This situation is more controversial, as the advantage of Athlon 64 3000+ over Sempron 3400+ is minimal. To all appearances, the point is in cache again, but with a slightly different accent: 128 KB (Sempron 3300+) are too insufficient, while the program makes no difference between 256 and 512. However, increasing L2 Cache to 1 MB (Athlon 64 3200+) again yields a positive effect.

Lightwave 8.2, rendering

Strange as it may seem, the situation is similar to that in Maya. Even though in SPECapc for Maya we tested interactive operations, here we deal with the final rendering of a complex scene. We can again see the three "performance steps": low (128 KB L2), middle (256 and 512 KB L2) and high (1 MB L2).

SPECapc for SolidWorks 2003

Detailed results

In SolidWorks all processors line up evenly. But the conclusion on Sempron is as sad as in case of 3ds max: even the Sempron 3400+ failed to outperform the Athlon 64 3000+. So, the table with technical characteristics of the processors will help you understand the reasons — but regular users trust the "magic of numbers" (3400 vs. 3000) more than technical characteristics...

Adobe Photoshop CS (8)

Detailed results

Considering the good performance of Intel Celeron D in Adobe Photoshop, we could assume that this program was no less critical to clock than to L2 Cache size. That's why the similar performance demonstrated by Sempron 3300+/3400+ and Athlon 64 3000+ is not surprising: perhaps, AMD processors do fine even with 128 KB L2 cache. However, 1 MB cache still allows Athlon 34 3200+ to outperform all other processors. That is we again witness some "L2 Cache size threshold": cache growth has little effect on performance up to a certain size; but when a threshold is reached, performance starts growing again.

Adobe Acrobat 6.0

We can establish a fact that Sempron model numbers are approved: performance grows together with Model Number.

All-purpose data compression (archiving)

Detailed results

Quite an unexpected result, as Sempron 3300+ managed to outperform Sempron 3100+ even in archiving (archivers' sensitivity to cache size is well known) due to a higher clock (the 3300+ model is faster by 200 MHz), even though its L2 cache is twice as small. But if we have a look at the detailed results, it becomes clear that one of the applications (RAR) actually expressed its scorn of Sempron 3300+ for its small cache size.
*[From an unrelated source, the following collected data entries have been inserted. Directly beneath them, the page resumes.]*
(* Let $m\ge 2$, fix $i_1,\dots,i_m\in\{1,\dots,n\}$, and let $a,r,s,t\ge0$ be integers with $2a+r+(s+2)+t=m$. Then $$[\eta^ax^r\gamma^{s+2}\partial^t;i_1,\dots,i_m]=2(a+1)\,[\eta^{a+1}x^r\gamma^s\partial^t;i_1,\dots,i_m].$$
   Context: Fix $n\ge1$ and an invertible complex matrix $\eta=(\eta^{ij})$ with $\eta^{ij}=\eta^{ji}$. $W(2n|n)$ is the associative superalgebra generated by even $x^1,\dots,x^n,\partial_1,\dots,\partial_n$ and odd $\gamma^1,\dots,\gamma^n$ with relations $x^ix^j=x^jx^i$, $\partial_i\partial_j=\partial_j\partial_i$, $\partial_ix^j-x^j\partial_i=\delta_i^j$, $\gamma^i$ commuting with all $x^j,\partial_j$, $\gamma^i\gamma^j+\gamma^j\gamma^i=2\eta^{ij}$; $\partial^i:=\eta^{ij}\partial_j$ (summed). Bracket symbol: for integers $a,r,s,t\ge0$ with $2a+r+s+t=m$ and indices $i_1,\dots,i_m$, for $\sigma\in S_m$ put $T_\sigma:=\prod_{k=0}^{a-1}\eta^{i_{\sigma(2k+1)}i_{\sigma(2k+2)}}\cdot x^{i_{\sigma(2a+1)}}\cdots x^{i_{\sigma(2a+r)}}\cdot\gamma^{i_{\sigma(2a+r+1)}}\cdots\gamma^{i_{\sigma(2a+r+s)}}\cdot\partial^{i_{\sigma(2a+r+s+1)}}\cdots\partial^{i_{\sigma(m)}}$, and $[\eta^ax^r\gamma^s\partial^t;i_1,\dots,i_m]:=\frac{1}{2^a\,a!\,r!\,t!}\sum_{\sigma\in S_m}T_\sigma$; equivalently, the sum of $T_\sigma$ over one representative of each orbit of orderings under swapping the two indices within an $\eta$-pair, permuting the $\eta$-pairs, permuting the $x$-positions and permuting the $\partial$-positions. Factors with exponent $0$ are omitted, and the symbol is defined to be $0$ if the exponent of $x$ is negative. *)

theory Defs
  imports Complex_Main "HOL-Combinatorics.Permutations"
begin

text \<open>A complex associative algebra is modelled as a ring 'a together with a central
  ring homomorphism phi from the complex numbers (the structure map).  The elements
  x i, d i (= partial_i), g i (= gamma^i), i in 1..n, are required to satisfy the
  defining relations of W(2n|n).\<close>

definition WC_rels ::
  "nat \<Rightarrow> (nat \<Rightarrow> nat \<Rightarrow> complex) \<Rightarrow> (complex \<Rightarrow> 'a::ring_1)
   \<Rightarrow> (nat \<Rightarrow> 'a) \<Rightarrow> (nat \<Rightarrow> 'a) \<Rightarrow> (nat \<Rightarrow> 'a) \<Rightarrow> bool" where
  "WC_rels n eta phi x d g \<longleftrightarrow>
     phi 1 = 1 \<and>
     (\<forall>u v. phi (u + v) = phi u + phi v) \<and>
     (\<forall>u v. phi (u * v) = phi u * phi v) \<and>
     (\<forall>u y. phi u * y = y * phi u) \<and>
     (\<forall>i\<in>{1..n}. \<forall>j\<in>{1..n}.
        x i * x j = x j * x i \<and>
        d i * d j = d j * d i \<and>
        d i * x j - x j * d i = (if i = j then 1 else 0) \<and>
        g i * x j = x j * g i \<and>
        g i * d j = d j * g i \<and>
        g i * g j + g j * g i = 2 * phi (eta i j))"

text \<open>raised derivative partial^i = sum_j eta^{ij} partial_j\<close>
definition dup ::
  "nat \<Rightarrow> (nat \<Rightarrow> nat \<Rightarrow> complex) \<Rightarrow> (complex \<Rightarrow> 'a::ring_1) \<Rightarrow> (nat \<Rightarrow> 'a) \<Rightarrow> nat \<Rightarrow> 'a" where
  "dup n eta phi d i = (\<Sum>j=1..n. phi (eta i j) * d j)"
But the results of the other archiver (7-Zip) counterbalanced this small defeat.

Multimedia lossy compression (MP3/MPEG2-4)

Detailed results

It's an excellent illustration to our hypothesis that performance growth, when 128 KB L2 grows to 256, does not mean that it will grow, when 256 KB L2 grows to 512. And vice versa — no performance growth in case of 256 —> 512 change does not mean that there will be no performance growth when 512 KB L2 is increased to 1024. On the whole, it's a classical case of "everything is clear, but still obscure". Unfortunately, there is nothing we can add to comfort you: it's practically impossible to predict behavior of a given program with a given L2 cache size without testing. Except for thorough analysis of the source code... but no one will grant access to it.

CPU RightMark 2004B

There is a strange dip in the Athlon 64 3000+, there are no reasonable explanations to it. In other respects the situation is quite normal for a CPU RM 2004B: nothing matters, except for clock and architecture.
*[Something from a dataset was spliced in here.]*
(* For every set of formulas $\Gamma$ and every formula $\varphi$: if $\Gamma\vdash_{\mathsf{iSLH}}\varphi$, then there is a finite multiset $\Gamma'$ whose elements all belong to $\Gamma$ such that the sequent $\Gamma'\Rightarrow\varphi$ is provable in $\mathsf{G4iSLt}$.
   Context: Formulas are built by the grammar $\varphi ::= p \mid \bot \mid \varphi\land\varphi \mid \varphi\lor\varphi \mid \varphi\to\varphi \mid \Box\varphi$, with $p$ ranging over a countably infinite set of propositional variables. For a multiset $\Gamma$, $\Box\Gamma=\{\Box\psi:\psi\in\Gamma\}$; a boxed formula is one of the form $\Box\psi$. The generalised Hilbert calculus $\mathsf{iSLH}$ derives expressions $\Gamma\vdash\varphi$ ($\Gamma$ a set of formulas) by the rules: (Ax) $\Gamma\vdash\varphi$ whenever $\varphi$ is an instance of an axiom; (El) $\Gamma\vdash\varphi$ whenever $\varphi\in\Gamma$; (Nec) from $\emptyset\vdash\varphi$ infer $\Gamma\vdash\Box\varphi$; (MP) from $\Gamma\vdash\varphi$ and $\Gamma\vdash\varphi\to\psi$ infer $\Gamma\vdash\psi$. The axioms are all instances of: $\varphi\to(\psi\to\varphi)$; $(\varphi\to(\psi\to\chi))\to((\varphi\to\psi)\to(\varphi\to\chi))$; $\varphi\to(\varphi\lor\psi)$; $\psi\to(\varphi\lor\psi)$; $(\varphi\to\chi)\to((\psi\to\chi)\to((\varphi\lor\psi)\to\chi))$; $(\varphi\land\psi)\to\varphi$; $(\varphi\land\psi)\to\psi$; $(\varphi\to\psi)\to((\varphi\to\chi)\to(\varphi\to(\psi\land\chi)))$; $\bot\to\varphi$; $\Box(\varphi\to\psi)\to(\Box\varphi\to\Box\psi)$; $(\Box\varphi\to\varphi)\to\varphi$. A sequent is $\Gamma\Rightarrow\chi$ with $\Gamma$ a finite multiset of formulas and $\chi$ a formula. The sequent calculus $\mathsf{G4iSLt}$ has the following rules, where $p$ is a propositional variable and $\Phi$ always denotes a multiset containing no boxed formula: (⊥L) $\bot,\Gamma\Rightarrow\chi$ (no premise); (IdP) $\Gamma,p\Rightarrow p$ (no premise); (∧L) from $\Gamma,\varphi,\psi\Rightarrow\chi$ infer $\Gamma,\varphi\land\psi\Rightarrow\chi$; (∧R) from $\Gamma\Rightarrow\varphi$ and $\Gamma\Rightarrow\psi$ infer $\Gamma\Rightarrow\varphi\land\psi$; (∨L) from $\Gamma,\varphi\Rightarrow\chi$ and $\Gamma,\psi\Rightarrow\chi$ infer $\Gamma,\varphi\lor\psi\Rightarrow\chi$; (∨R$_i$), $i\in\{1,2\}$: from $\Gamma\Rightarrow\varphi_i$ infer $\Gamma\Rightarrow\varphi_1\lor\varphi_2$; (p→L) from $\Gamma,p,\varphi\Rightarrow\chi$ infer $\Gamma,p,p\to\varphi\Rightarrow\chi$; (→R) from $\Gamma,\varphi\Rightarrow\psi$ infer $\Gamma\Rightarrow\varphi\to\psi$; (□→L) from $\Phi,\Gamma,\psi,\Box\varphi\Rightarrow\varphi$ and $\Phi,\Box\Gamma,\psi\Rightarrow\chi$ infer $\Phi,\Box\Gamma,\Box\varphi\to\psi\Rightarrow\chi$; (SLtR) from $\Phi,\Gamma,\Box\varphi\Rightarrow\varphi$ infer $\Phi,\Box\Gamma\Rightarrow\Box\varphi$; (∧→L) from $\Gamma,\varphi\to(\psi\to\chi)\Rightarrow\delta$ infer $\Gamma,(\varphi\land\psi)\to\chi\Rightarrow\delta$; (∨→L) from $\Gamma,\varphi\to\chi,\psi\to\chi\Rightarrow\delta$ infer $\Gamma,(\varphi\lor\psi)\to\chi\Rightarrow\delta$; (→→L) from $\Gamma,\psi\to\chi\Rightarrow\varphi\to\psi$ and $\Gamma,\chi\Rightarrow\delta$ infer $\Gamma,(\varphi\to\psi)\to\chi\Rightarrow\delta$. A proof of a sequent $S$ is a finite tree of sequents with root $S$ in which each interior node together with its children forms an instance of a rule (conclusion, premises) and each leaf is the conclusion of a premise-free rule; $S$ is provable if it has a proof. *)

theory Defs
  imports Main "HOL-Library.Multiset"
begin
3D games and graphics visualization
in professional packages

Total score in games

Detailed results

On the whole, there is a tendency towards justified model numbers, that is all Sempron models operate according to their Model Number: the higher, the better.

SPEC viewperf

Detailed results

Perhaps, it's the only case when the mythic "improved memory controller" in new Sempron processors has [presumably] shown its worth (Sempron 3400+ outperformed Athlon 64 3000+). It illustrates well the worth of hunting after new revisions...
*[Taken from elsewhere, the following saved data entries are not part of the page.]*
lemma rk_union_line:
  assumes "a \<in> Z \<inter> L" "b \<in> Z \<inter> L" "a \<noteq> b"
  shows "r (Z \<union> L) = r Z"
proof -
  have "r (Z \<union> L) + r (Z \<inter> L) \<le> r Z + r L" by (rule rk_submod)
  moreover have "r {a, b} \<le> r (Z \<inter> L)" using assms by (intro rk_mono) auto
  moreover have "r {a, b} = 2" using assms line_subset_ground simple by (intro rk_pair_simple) auto
  moreover have "r Z \<le> r (Z \<union> L)" by (rule rk_mono) auto
  ultimately show ?thesis using rk_line by linarith
qed

lemma rk_compl_line: "r (E - L) = r E"
proof (rule ccontr)
  assume "r (E - L) \<noteq> r E"
  then have less: "r (E - L) < r E" using rk_mono[of "E - L" E] by simp
  have "r E \<le> r L + r (E - L)" using rk_subadd[of L "E - L"] line_subset_ground by (simp add: Un_absorb1)
  moreover have "r (E - L) \<le> card (E - L)" using finite_ground by (intro rk_le_card) auto
  ultimately have "2 \<le> card (E - L)" using rk_ge_4 rk_line by linarith
  then have "r E + 2 \<le> r L + r (E - L)"
    using rk_add_ge_if_3_connected[OF three_connected, of L "E - L"] line_subset_ground card_line n_ge_3
    by auto
  then show False using less rk_line by linarith
qed

lemma card_compl_line_ge_4: "4 \<le> card (E - L)"
  using rk_le_card[of "E - L"] finite_ground rk_compl_line rk_ge_4 by simp

lemma x_notin_line: "i < n \<Longrightarrow> x i \<notin> L"
proof
  assume i: "i < n" and "x i \<in> L"
  then have "r (E - L) \<le> r (E - cocirc i)" unfolding cocirc_def by (intro rk_mono) blast
  then show False using rk_compl_cocircuit_less[OF cocircuit_cocirc[OF i]] rk_compl_line by simp
qed

lemma ind_hull: "ind M (x ` {..<n})"
proof (rule ind_if_cocircuits_meet_singly)
  show "x ` {..<n} \<subseteq> E" using x_in by blast
  fix z assume "z \<in> x ` {..<n}"
  then obtain i where i: "i < n" "z = x i" by blast
  have "cocirc i \<inter> x ` {..<n} = {z}"
    using i x_notin_line unfolding cocirc_def by auto
  then show "\<exists>C. cocircuit M C \<and> C \<inter> x ` {..<n} = {z}"
    using cocircuit_cocirc[OF i(1)] by blast
qed

text \<open>Otherwise \<open>(A \<union> L + x\<^sub>i, B - L)\<close> is a 2-separation of \<open>M\<close>.\<close>
lemma card_off_line_le_1:
  assumes i: "i < n" and part: "A \<union> B = E - {x i}" "A \<inter> B = {}"
    and spanA: "r (A \<union> {x i}) = r A" and rk_sum: "r A + r (B \<union> {x i}) \<le> r E + 2"
    and ab: "a \<in> A \<inter> L" "b \<in> A \<inter> L" "a \<noteq> b"
  shows "card (B - L) \<le> 1"
proof (rule ccontr)
  assume "\<not> card (B - L) \<le> 1"
  then have card_B': "2 \<le> card (B - L)" by simp
  let ?A' = "A \<union> L \<union> {x i}"
  have part': "?A' \<union> (B - L) = E" "?A' \<inter> (B - L) = {}"
    using part x_in[OF i] line_subset_ground by auto
  have "finite ?A'" using part' finite_ground by (metis finite_Un)
  then have card_A': "2 \<le> card ?A'" using ab card_mono[of ?A' "{a, b}"] by auto
  have "r ?A' + r ((A \<union> L) \<inter> (A \<union> {x i})) \<le> r (A \<union> L) + r (A \<union> {x i})"
    using rk_submod[of "A \<union> L" "A \<union> {x i}"] by (simp add: Un_ac)
  moreover have "r A \<le> r ((A \<union> L) \<inter> (A \<union> {x i}))" by (rule rk_mono) blast
  ultimately have "r ?A' \<le> r A" using rk_union_line[OF ab] spanA by linarith
  moreover have "r E + 2 \<le> r ?A' + r (B - L)"
    using rk_add_ge_if_3_connected[OF three_connected part' card_A' card_B'] .
  moreover have "r (insert (x i) (B - L)) = Suc (r (B - L))"
    using rk_insert_cocircuit[OF cocircuit_cocirc[OF i], of "B - L" "x i"] part
    unfolding cocirc_def by blast
  moreover have "r (insert (x i) (B - L)) \<le> r (B \<union> {x i})" by (rule rk_mono) blast
  ultimately show False using rk_sum by linarith
qed

lemma rk_compl_line_hull_pair_le:
  assumes i: "i < n" and k: "k < n" "k \<noteq> i" and T: "x i \<in> T" "x k \<in> T"
  shows "r (E - L - T) + 2 \<le> r E"
proof -
  let ?Q = "E - L - T"
  have y: "y i \<in> E" "y k \<in> E" "y i \<in> cocirc k" "y k \<in> cocirc i"
    using y_in i k y_eq_iff unfolding cocirc_def by auto
  have Q: "?Q \<subseteq> E" "insert (y i) ?Q \<subseteq> E" using y(1) by auto
  have disj: "?Q \<inter> cocirc k = {}" "insert (y i) ?Q \<inter> cocirc i = {}"
    using T i x_notin_line unfolding cocirc_def by auto
  have "r (insert (y i) ?Q) = Suc (r ?Q)"
    using Q(1) disj(1) by (rule rk_insert_cocircuit[OF cocircuit_cocirc[OF k(1)] _ _ y(3)])
  moreover have "r (insert (y k) (insert (y i) ?Q)) = Suc (r (insert (y i) ?Q))"
    using Q(2) disj(2) by (rule rk_insert_cocircuit[OF cocircuit_cocirc[OF i] _ _ y(4)])
  moreover have "r (insert (y k) (insert (y i) ?Q)) \<le> r E"
    using Q(2) y(2) by (intro rk_mono) simp
  ultimately show ?thesis by simp
qed

text \<open>A third cocircuit \<open>C\<^sub>k\<close> cannot meet the triangle in \<open>y\<^sub>j\<close> alone, which forces
  \<open>x\<^sub>k \<in> {x\<^sub>i, b}\<close>; then \<open>(L \<union> {x\<^sub>i, b}, E - L - {x\<^sub>i, b})\<close> is a 2-separation.\<close>
lemma rk_triangle_ge_3:
  assumes i: "i < n" and j: "j < n" "j \<noteq> i" and b: "b \<in> E" "b \<notin> L" "b \<noteq> x i"
  shows "3 \<le> r {y j, b, x i}"
proof (rule ccontr)
  assume "\<not> 3 \<le> r {y j, b, x i}"
  then have triangle: "r {y j, b, x i} \<le> 2" by simp
  have "\<exists>k::nat. k < 3 \<and> k \<noteq> i \<and> k \<noteq> j" by presburger
  then obtain k where k: "k < n" "k \<noteq> i" "k \<noteq> j" using n_ge_3 by (meson less_le_trans)
  have x_i: "x i \<in> E" "x i \<notin> L" using x_in[OF i] x_notin_line[OF i] by auto
  have y_j: "y j \<in> E" "y j \<noteq> y i" "y j \<noteq> y k" using y_in[OF j(1)] y_eq_iff i j k by auto
  have x_k: "x k = x i \<or> x k = b"
  proof (rule ccontr)
    assume "\<not> ?thesis"
    then have "{x i, b} \<inter> cocirc k = {}" using x_i b unfolding cocirc_def by auto
    then have "r (insert (y j) {x i, b}) = Suc (r {x i, b})"
      using rk_insert_cocircuit[OF cocircuit_cocirc[OF k(1)]] x_i b y_j j unfolding cocirc_def by auto
    moreover have "r {x i, b} = 2" using rk_pair_simple[OF simple] x_i b by auto
    moreover have "insert (y j) {x i, b} = {y j, b, x i}" by blast
    ultimately show False using triangle by simp
  qed
  let ?P = "L \<union> {x i, b}" and ?Q = "E - L - {x i, b}"
  have rk_Q: "r ?Q + 2 \<le> r E" using rk_compl_line_hull_pair_le[OF i k(1,2)] x_k by auto
  have "{y j, b, x i} \<union> L = ?P" "{y j, b, x i} \<inter> L = {y j}" using j b x_i by auto
  then have "r ?P + r {y j} \<le> r {y j, b, x i} + r L" using rk_submod[of "{y j, b, x i}" L] by simp
  then have rk_P: "r ?P \<le> 3" using triangle rk_line rk_singleton_simple[OF simple y_j(1)] by linarith
  have part: "?P \<union> ?Q = E" "?P \<inter> ?Q = {}" using line_subset_ground x_i b by auto
  have "2 \<le> card ?P" using card_line n_ge_3 card_mono[of ?P L] by force
  moreover have "2 \<le> card ?Q"
  proof (rule ccontr)
    assume "\<not> ?thesis"
    have "E - L \<subseteq> ?Q \<union> {x i, b}" by blast
    then have "card (E - L) \<le> card ?Q + card {x i, b}"
      using card_mono[of "?Q \<union> {x i, b}" "E - L"] card_Un_le[of ?Q "{x i, b}"] finite_ground by auto
    moreover have "card {x i, b} \<le> 2" by (cases "x i = b") auto
    ultimately show False using \<open>\<not> 2 \<le> card ?Q\<close> card_compl_line_ge_4 by linarith
  qed
  ultimately show False
    using rk_add_ge_if_3_connected[OF three_connected part] rk_P rk_Q by linarith
qed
Our conclusion will be brief, as the test results are neither new nor offering global discoveries or exposures.

  1. You must not trust the magic of numbers when you choose between Sempron and Athlon 64. Model Numbers of these processors provide an idea of their performance rating within their own series. But comparing Model Numbers of processors with different names and trying to draw conclusions from this comparison makes absolutely no sense. On the other hand, comparing technical characteristics of a CPU (in this case clocks and L2 Cache sizes) sometimes dots one's “i's” and crosses one's “t's”.
  2. But still there are more cases when AMD model numbers are true, that is they give a real idea of the performance relations between them (within the same product line!) than the cases when they are wrong. So even though this approach is controversial, we can draw a conclusion that, in general, the policy to use Model Numbers to rate processors justifies itself and really informs customers rather than misleads them.
  3. I repeat: if we make another step from comparing Model Numbers and compare technical characteristics of Socket 754 CPUs from AMD (at least two simplest ones — clock and L2 Cache size), predicting performance is not that difficult. Especially after a preliminary analysis of test results, such as above.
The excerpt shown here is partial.